Before melting away in a moment.
Johannes Kepler asks: Why do snowflakes always have six sides?
Way back in 1611, on a bitterly cold January morning in Prague,
a snowflake landed on the sleeve of mathematician Johannes Kepler.
And it got him thinking:
“Why do snowflakes have six sides?”
Kepler’s breakthrough was his theory that this hexagonal pattern
is the most efficient use of space.
Whether it’s a honeycomb within a beehive.
Or piles of stacked cannonballs.
Or a delicate, transient snowflake.
It took 400 years –
400 years! – for his theory to be proven.
What Kepler didn’t know at the time is that each molecule of water,
or H2O, is made up of two hydrogen atoms and one oxygen atom.
As the water molecules cluster together when they freeze,
the angle between the hydrogen atoms is always,
approximately, 105 degrees.
And that gives us the six sides.
At its heart, a snowflake is always a hexagon.
Different snowflake shapes
But it can grow into all sorts of weird and wonderful shapes.
Long and thin, like a pencil.
Sharp like a needle.
Cylindrical like a bullet.
Round like a cup.
Or, just occasionally, triangular.
The truth is though, most snowflakes are kind of…well, blob-like.
Snowflake photography and how to take the perfect shot
If you speak to a snowflake photographer –
there are just a handful in the world –
they’ll tell you it takes days and days out in the cold
to get that “money shot”.
And the conditions have to be just right –
between minus 15 and minus 13 degrees.
But ever since Wilson Bentley,
a farmer from the US state of Vermont,
painstakingly took the first photos of stunning snowflakes in 1885,
we’ve been hooked.
Snowflakes and symmetry
Scientists have shown that symmetry
is incredibly pleasing to the human brain.
Snowflakes are all radially symmetrical,
which means you can cut them into identical slices, like a cake.
Shells, flowers, starfish,
even spiral galaxies,
like the Milky Way, share this type of symmetry.
And nature has one last trick up its sleeve.

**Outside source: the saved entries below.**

lemma ex_popular_colour:
  assumes "b \<in> B"
  shows "\<exists>x. card A \<le> r * card (colour_nbhd x b)"
proof (cases "A = {}")
  case False
  define Col where "Col = (\<lambda>a. c {a, b}) ` A"
  have "card Col \<le> r" using local assms by (simp add: local_colouring_def Col_def)
  have "finite Col" "Col \<noteq> {}" using finite_A False by (simp_all add: Col_def)
  define M where "M = Max ((\<lambda>x. card (colour_nbhd x b)) ` Col)"
  have "M \<in> (\<lambda>x. card (colour_nbhd x b)) ` Col"
    unfolding M_def using \<open>finite Col\<close> \<open>Col \<noteq> {}\<close> by (intro Max_in) auto
  then obtain x where "M = card (colour_nbhd x b)" by auto
  have "A = (\<Union>y\<in>Col. colour_nbhd y b)" by (auto simp: Col_def colour_nbhd_def)
  then have "card A \<le> (\<Sum>y\<in>Col. card (colour_nbhd y b))"
    using card_UN_le[OF \<open>finite Col\<close>] by metis
  also have "\<dots> \<le> card Col * M"
    using sum_bounded_above[of Col "\<lambda>y. card (colour_nbhd y b)" M] \<open>finite Col\<close>
    by (auto simp: M_def)
  also have "\<dots> \<le> r * M" using \<open>card Col \<le> r\<close> by simp
  finally show ?thesis using \<open>M = card (colour_nbhd x b)\<close> by blast
qed simp

definition main_colour :: "'a \<Rightarrow> 'c" where
  "main_colour b = (SOME x. card A \<le> r * card (colour_nbhd x b))"

definition main_nbhd :: "'a \<Rightarrow> 'a set" where
  "main_nbhd b = colour_nbhd (main_colour b) b"

lemma card_A_le_card_main_nbhd: "b \<in> B \<Longrightarrow> card A \<le> r * card (main_nbhd b)"
  unfolding main_nbhd_def main_colour_def by (rule someI_ex) (rule ex_popular_colour)

lemma main_nbhd_subset: "main_nbhd b \<subseteq> A"
  by (auto simp: main_nbhd_def colour_nbhd_def)
lemma norm_rres_le_near_sublevel:
  fixes xs :: "'n::finite \<Rightarrow> 'b::euclidean_space"
    and xhat :: "'n \<Rightarrow> 'a::euclidean_space \<Rightarrow> 'b"
  assumes "assumptionA xs xhat th0 Dmax" and "0 \<le> Dmax"
  obtains Rb where "0 \<le> Rb"
    and "\<And>theta z. fobj xs xhat theta \<le> fobj xs xhat th0 \<Longrightarrow> dist z theta \<le> Dmax
           \<Longrightarrow> norm (rres xs xhat z) \<le> Rb"
proof -
  define B where "B = {z. \<exists>theta. fobj xs xhat theta \<le> fobj xs xhat th0 \<and> dist z theta \<le> Dmax}"
  from assms obtain J LJ where bounded: "bounded B"
    and deriv: "\<And>t. t \<in> B \<Longrightarrow> (rres xs xhat has_derivative J t) (at t)"
    and lipschitz: "\<And>t t'. t \<in> B \<Longrightarrow> t' \<in> B \<Longrightarrow> onorm (\<lambda>h. J t h - J t' h) \<le> LJ * dist t t'"
    unfolding assumptionA_def Let_def B_def by blast
  have linear: "\<And>t. t \<in> B \<Longrightarrow> bounded_linear (J t)"
    using deriv has_derivative_bounded_linear by blast
  obtain MJ where "0 \<le> MJ" and MJ: "\<And>t. t \<in> B \<Longrightarrow> onorm (J t) \<le> MJ"
    using onorm_bounded_if_lipschitz[OF bounded linear lipschitz] by blast
  define Rb where "Rb = sqrt (real CARD('n) * fobj xs xhat th0) + MJ * Dmax"
  have "norm (rres xs xhat z) \<le> Rb"
    if sub: "fobj xs xhat theta \<le> fobj xs xhat th0" and z: "dist z theta \<le> Dmax" for theta z
  proof -
    have ball: "cball theta Dmax \<subseteq> B" unfolding B_def using sub by (auto simp: dist_commute)
    have "norm (rres xs xhat z - rres xs xhat theta) \<le> MJ * norm (z - theta)"
    proof (rule differentiable_bound[of "cball theta Dmax"])
      show "(rres xs xhat has_derivative J t) (at t within cball theta Dmax)"
        if "t \<in> cball theta Dmax" for t
        using ball that by (blast intro: has_derivative_at_withinI deriv)
      show "onorm (J t) \<le> MJ" if "t \<in> cball theta Dmax" for t using ball that MJ by blast
    qed (use z \<open>0 \<le> Dmax\<close> in \<open>auto simp: dist_commute\<close>)
    also have "\<dots> \<le> MJ * Dmax" using z \<open>0 \<le> MJ\<close> by (simp add: dist_norm mult_left_mono)
    finally have "norm (rres xs xhat z) \<le> norm (rres xs xhat theta) + MJ * Dmax"
      using norm_triangle_ineq2[of "rres xs xhat z" "rres xs xhat theta"] by linarith
    moreover have "norm (rres xs xhat theta) = sqrt (real CARD('n) * fobj xs xhat theta)"
      by (simp add: fobj_def fval_def)
    moreover have "\<dots> \<le> sqrt (real CARD('n) * fobj xs xhat th0)"
      using sub by (simp add: mult_left_mono)
    ultimately show ?thesis unfolding Rb_def by linarith
  qed
  moreover have "0 \<le> Rb"
    using \<open>0 \<le> MJ\<close> \<open>0 \<le> Dmax\<close> unfolding Rb_def by (simp add: fobj_def fval_def)
  ultimately show ?thesis using that by blast
qed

Snowflakes aren’t actually white!
Snowflakes aren’t actually white.
They’re clear, but they have lots of edges,
and this scatters the light, making them appear white.
Each snowflake is a microcosm of the laws of physics.
Snowflakes and the Universe
Gravity makes it fall.
Electromagnetism dictates its shape.
And you’ve got symmetry.
It’s the same with the stars, and solar systems, and planets.
And with us.
When you look at a snowflake, you can read its history.
Its own unique story.
The experiences it encounters shape it into what it is.
Just like us, really.